corollary cauchy_binet_triple:
  fixes A M B :: "'a :: comm_ring_1 mat"
  assumes A: "A \<in> carrier_mat n N" and M: "M \<in> carrier_mat N N" and B: "B \<in> carrier_mat N n"
  shows "det (A * M * B) = (\<Sum>ks\<in>increasing_lists n N. \<Sum>rs\<in>increasing_lists n N.
      det (col_submat A ks) * det (row_submat (col_submat M rs) ks) * det (row_submat B rs))"
proof -
  have "det (A * M * B) = det (A * (M * B))" using assoc_mult_mat[OF A M B] by simp
  also have "\<dots> = (\<Sum>ks\<in>increasing_lists n N. det (col_submat A ks) * det (row_submat (M * B) ks))"
    using M B by (intro cauchy_binet[OF A]) simp
  also have "\<dots> = (\<Sum>ks\<in>increasing_lists n N. det (col_submat A ks) *
      (\<Sum>rs\<in>increasing_lists n N. det (row_submat (col_submat M rs) ks) * det (row_submat B rs)))"
  proof (rule sum.cong[OF refl])
    fix ks assume ks: "ks \<in> increasing_lists n N"
    then have len: "length ks = n" by (simp add: increasing_lists_def)
    have Mk: "row_submat M ks \<in> carrier_mat n N" using M len by (simp add: row_submat_def)
    have "row_submat (M * B) ks = row_submat M ks * B"
      using M B increasing_lists_nth[OF ks] len
      by (intro eq_matI) (auto simp: row_submat_def scalar_prod_def)
    moreover have "col_submat (row_submat M ks) rs = row_submat (col_submat M rs) ks"
      if "rs \<in> increasing_lists n N" for rs
      using M len that increasing_lists_nth[OF that] increasing_lists_nth[OF ks]
      by (intro eq_matI) (auto simp: row_submat_def col_submat_def increasing_lists_def)
    ultimately show "det (col_submat A ks) * det (row_submat (M * B) ks) = det (col_submat A ks) *
        (\<Sum>rs\<in>increasing_lists n N. det (row_submat (col_submat M rs) ks) * det (row_submat B rs))"
      using cauchy_binet[OF Mk B] by simp
  qed
  finally show ?thesis by (simp add: sum_distrib_left mult.assoc)
qed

- **Problem statement**: Exactly as they appear, restate all of the entries.

- **Response to the exercise**:
corollary cauchy_binet_triple:
  fixes A M B :: "'a :: comm_ring_1 mat"
  assumes A: "A \<in> carrier_mat n N" and M: "M \<in> carrier_mat N N" and B: "B \<in> carrier_mat N n"
  shows "det (A * M * B) = (\<Sum>ks\<in>increasing_lists n N. \<Sum>rs\<in>increasing_lists n N.
      det (col_submat A ks) * det (row_submat (col_submat M rs) ks) * det (row_submat B rs))"
proof -
  have "det (A * M * B) = det (A * (M * B))" using assoc_mult_mat[OF A M B] by simp
  also have "\<dots> = (\<Sum>ks\<in>increasing_lists n N. det (col_submat A ks) * det (row_submat (M * B) ks))"
    using M B by (intro cauchy_binet[OF A]) simp
  also have "\<dots> = (\<Sum>ks\<in>increasing_lists n N. det (col_submat A ks) *
      (\<Sum>rs\<in>increasing_lists n N. det (row_submat (col_submat M rs) ks) * det (row_submat B rs)))"
  proof (rule sum.cong[OF refl])
    fix ks assume ks: "ks \<in> increasing_lists n N"
    then have len: "length ks = n" by (simp add: increasing_lists_def)
    have Mk: "row_submat M ks \<in> carrier_mat n N" using M len by (simp add: row_submat_def)
    have "row_submat (M * B) ks = row_submat M ks * B"
      using M B increasing_lists_nth[OF ks] len
      by (intro eq_matI) (auto simp: row_submat_def scalar_prod_def)
    moreover have "col_submat (row_submat M ks) rs = row_submat (col_submat M rs) ks"
      if "rs \<in> increasing_lists n N" for rs
      using M len that increasing_lists_nth[OF that] increasing_lists_nth[OF ks]
      by (intro eq_matI) (auto simp: row_submat_def col_submat_def increasing_lists_def)
    ultimately show "det (col_submat A ks) * det (row_submat (M * B) ks) = det (col_submat A ks) *
        (\<Sum>rs\<in>increasing_lists n N. det (row_submat (col_submat M rs) ks) * det (row_submat B rs))"
      using cauchy_binet[OF Mk B] by simp
  qed
  finally show ?thesis by (simp add: sum_distrib_left mult.assoc)
qed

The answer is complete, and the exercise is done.